For this exercise, repeat every line of the material exactly.

### Working data ###

(* Let $f_1,f_2:\mathbb R^d\to\mathbb R$ be convex with $\nabla f_i$ globally Lipschitz continuous with modulus $L_i>0$ ($i=1,2$), let $f_3:\mathbb R^d\to\mathbb R\cup\{+\infty\}$ be proper and lower semicontinuous, and assume $\varphi:=f_1+f_2+f_3$ has a nonempty set of minimizers. Let $\lambda\in(0,2)$, $\underline\alpha:=\frac{2\lambda-3+\sqrt{9-4\lambda}}{2}$, $\alpha\in(\underline\alpha,1)$, and let $\gamma\in\Gamma$ with $\gamma\le\min\{\frac{\alpha}{L_1},\frac{1-\alpha}{L_2}\}$. Let $((x_1^k,x_2^k,x_3^k),(z_1^k,z_2^k))_k$ be any sequence generated by the relaxed Ryu splitting method. Then: (i) $x_i^{k+1}-x_i^k\to0$ for $i=1,2,3$, and $z_i^{k+1}-z_i^k\to0$ and $x_3^k-x_i^k\to0$ for $i=1,2$. If, in addition, $((x_1^k,x_2^k,x_3^k),(z_1^k,z_2^k))_k$ is bounded, then: (ii) for any cluster point $x^*$ of $(x_3^k)_k$, $\varphi_\gamma^{\mathrm{Ryu}}(z_1^k,z_2^k)\to\varphi(x^* )$ and $f_1(x_1^k)+f_2(x_2^k)+f_3(x_3^k)\to\varphi(x^* )$; (iii) the sets of cluster points of $(x_1^k)_k$, $(x_2^k)_k$, $(x_3^k)_k$ coincide, and every such cluster point $x^*$ is a critical point of $\varphi$, i.e. $0\in\nabla f_1(x^* )+\nabla f_2(x^* )+\partial f_3(x^* )$.
   Context: For $h:\mathbb R^d\to\mathbb R\cup\{+\infty\}$ and $\gamma>0$, $\mathrm{prox}_{\gamma h}(z):=\operatorname{argmin}_{y}\{h(y)+\frac{1}{2\gamma}\|y-z\|^2\}$; $\partial f_3$ is the limiting subdifferential. The relaxed Ryu splitting method: given $z_1^0,z_2^0\in\mathbb R^d$, for $k\ge0$, $x_1^k=\mathrm{prox}_{\gamma f_1}(z_1^k)$, $x_2^k=\mathrm{prox}_{\frac{\gamma}{\alpha}f_2}(\frac{z_2^k}{\alpha}+x_1^k)$, $x_3^k\in\mathrm{prox}_{\gamma f_3}(x_1^k-z_1^k+x_2^k-z_2^k)$, $z_1^{k+1}=z_1^k+\lambda(x_3^k-x_1^k)$, $z_2^{k+1}=z_2^k+\lambda(x_3^k-x_2^k)$. Relaxed Ryu envelope: with $\gamma_1=\gamma/\alpha$, $\gamma_2=\gamma/(1-\alpha)$, and for $(z_1,z_2)$, $x_1=\mathrm{prox}_{\gamma f_1}(z_1)$, $x_2=\mathrm{prox}_{\frac{\gamma}{\alpha}f_2}(\frac{z_2}{\alpha}+x_1)$, $\varphi_\gamma^{\mathrm{Ryu}}(z_1,z_2):=\min_{y}\{f_3(y)+\sum_{i=1}^2[f_i(x_i)+\langle y-x_i,\nabla f_i(x_i)\rangle+\frac{1}{2\gamma_i}\|y-x_i\|^2]\}$. Stepsize set: fix $\epsilon_1\in\big(\frac{\alpha}{2\alpha-\lambda},\frac{2-\lambda}{1-\alpha}\big)$ and $\epsilon_2\in\big(\frac{\alpha L_2}{\lambda},+\infty\big)$, and set $\bar\gamma_0:=\frac{\lambda}{2L_1}$, $\bar\gamma_1:=\frac{\lambda}{2L_2}-\frac{\alpha}{2\epsilon_2}$, $\bar\gamma_2:=\frac{\alpha(2-\lambda-(1-\alpha)\epsilon_1)}{\alpha\epsilon_2+2(1-\alpha)L_1}$, $\bar\gamma_3:=\frac{(1-\alpha)(\epsilon_1(2\alpha-\lambda)-\alpha)}{2\alpha L_2\epsilon_1}$, and $\Gamma:=(0,\min\{\bar\gamma_0,\bar\gamma_1\}]\cap\big(0,\min\{\bar\gamma_2,\bar\gamma_3,\frac{1}{L_1+L_2}\}\big)$. *)

theory Defs
  imports "HOL-Analysis.Analysis"
begin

###

Task answer:
(* Let $f_1,f_2:\mathbb R^d\to\mathbb R$ be convex with $\nabla f_i$ globally Lipschitz continuous with modulus $L_i>0$ ($i=1,2$), let $f_3:\mathbb R^d\to\mathbb R\cup\{+\infty\}$ be proper and lower semicontinuous, and assume $\varphi:=f_1+f_2+f_3$ has a nonempty set of minimizers. Let $\lambda\in(0,2)$, $\underline\alpha:=\frac{2\lambda-3+\sqrt{9-4\lambda}}{2}$, $\alpha\in(\underline\alpha,1)$, and let $\gamma\in\Gamma$ with $\gamma\le\min\{\frac{\alpha}{L_1},\frac{1-\alpha}{L_2}\}$. Let $((x_1^k,x_2^k,x_3^k),(z_1^k,z_2^k))_k$ be any sequence generated by the relaxed Ryu splitting method. Then: (i) $x_i^{k+1}-x_i^k\to0$ for $i=1,2,3$, and $z_i^{k+1}-z_i^k\to0$ and $x_3^k-x_i^k\to0$ for $i=1,2$. If, in addition, $((x_1^k,x_2^k,x_3^k),(z_1^k,z_2^k))_k$ is bounded, then: (ii) for any cluster point $x^*$ of $(x_3^k)_k$, $\varphi_\gamma^{\mathrm{Ryu}}(z_1^k,z_2^k)\to\varphi(x^* )$ and $f_1(x_1^k)+f_2(x_2^k)+f_3(x_3^k)\to\varphi(x^* )$; (iii) the sets of cluster points of $(x_1^k)_k$, $(x_2^k)_k$, $(x_3^k)_k$ coincide, and every such cluster point $x^*$ is a critical point of $\varphi$, i.e. $0\in\nabla f_1(x^* )+\nabla f_2(x^* )+\partial f_3(x^* )$.
   Context: For $h:\mathbb R^d\to\mathbb R\cup\{+\infty\}$ and $\gamma>0$, $\mathrm{prox}_{\gamma h}(z):=\operatorname{argmin}_{y}\{h(y)+\frac{1}{2\gamma}\|y-z\|^2\}$; $\partial f_3$ is the limiting subdifferential. The relaxed Ryu splitting method: given $z_1^0,z_2^0\in\mathbb R^d$, for $k\ge0$, $x_1^k=\mathrm{prox}_{\gamma f_1}(z_1^k)$, $x_2^k=\mathrm{prox}_{\frac{\gamma}{\alpha}f_2}(\frac{z_2^k}{\alpha}+x_1^k)$, $x_3^k\in\mathrm{prox}_{\gamma f_3}(x_1^k-z_1^k+x_2^k-z_2^k)$, $z_1^{k+1}=z_1^k+\lambda(x_3^k-x_1^k)$, $z_2^{k+1}=z_2^k+\lambda(x_3^k-x_2^k)$. Relaxed Ryu envelope: with $\gamma_1=\gamma/\alpha$, $\gamma_2=\gamma/(1-\alpha)$, and for $(z_1,z_2)$, $x_1=\mathrm{prox}_{\gamma f_1}(z_1)$, $x_2=\mathrm{prox}_{\frac{\gamma}{\alpha}f_2}(\frac{z_2}{\alpha}+x_1)$, $\varphi_\gamma^{\mathrm{Ryu}}(z_1,z_2):=\min_{y}\{f_3(y)+\sum_{i=1}^2[f_i(x_i)+\langle y-x_i,\nabla f_i(x_i)\rangle+\frac{1}{2\gamma_i}\|y-x_i\|^2]\}$. Stepsize set: fix $\epsilon_1\in\big(\frac{\alpha}{2\alpha-\lambda},\frac{2-\lambda}{1-\alpha}\big)$ and $\epsilon_2\in\big(\frac{\alpha L_2}{\lambda},+\infty\big)$, and set $\bar\gamma_0:=\frac{\lambda}{2L_1}$, $\bar\gamma_1:=\frac{\lambda}{2L_2}-\frac{\alpha}{2\epsilon_2}$, $\bar\gamma_2:=\frac{\alpha(2-\lambda-(1-\alpha)\epsilon_1)}{\alpha\epsilon_2+2(1-\alpha)L_1}$, $\bar\gamma_3:=\frac{(1-\alpha)(\epsilon_1(2\alpha-\lambda)-\alpha)}{2\alpha L_2\epsilon_1}$, and $\Gamma:=(0,\min\{\bar\gamma_0,\bar\gamma_1\}]\cap\big(0,\min\{\bar\gamma_2,\bar\gamma_3,\frac{1}{L_1+L_2}\}\big)$. *)

theory Defs
  imports "HOL-Analysis.Analysis"
begin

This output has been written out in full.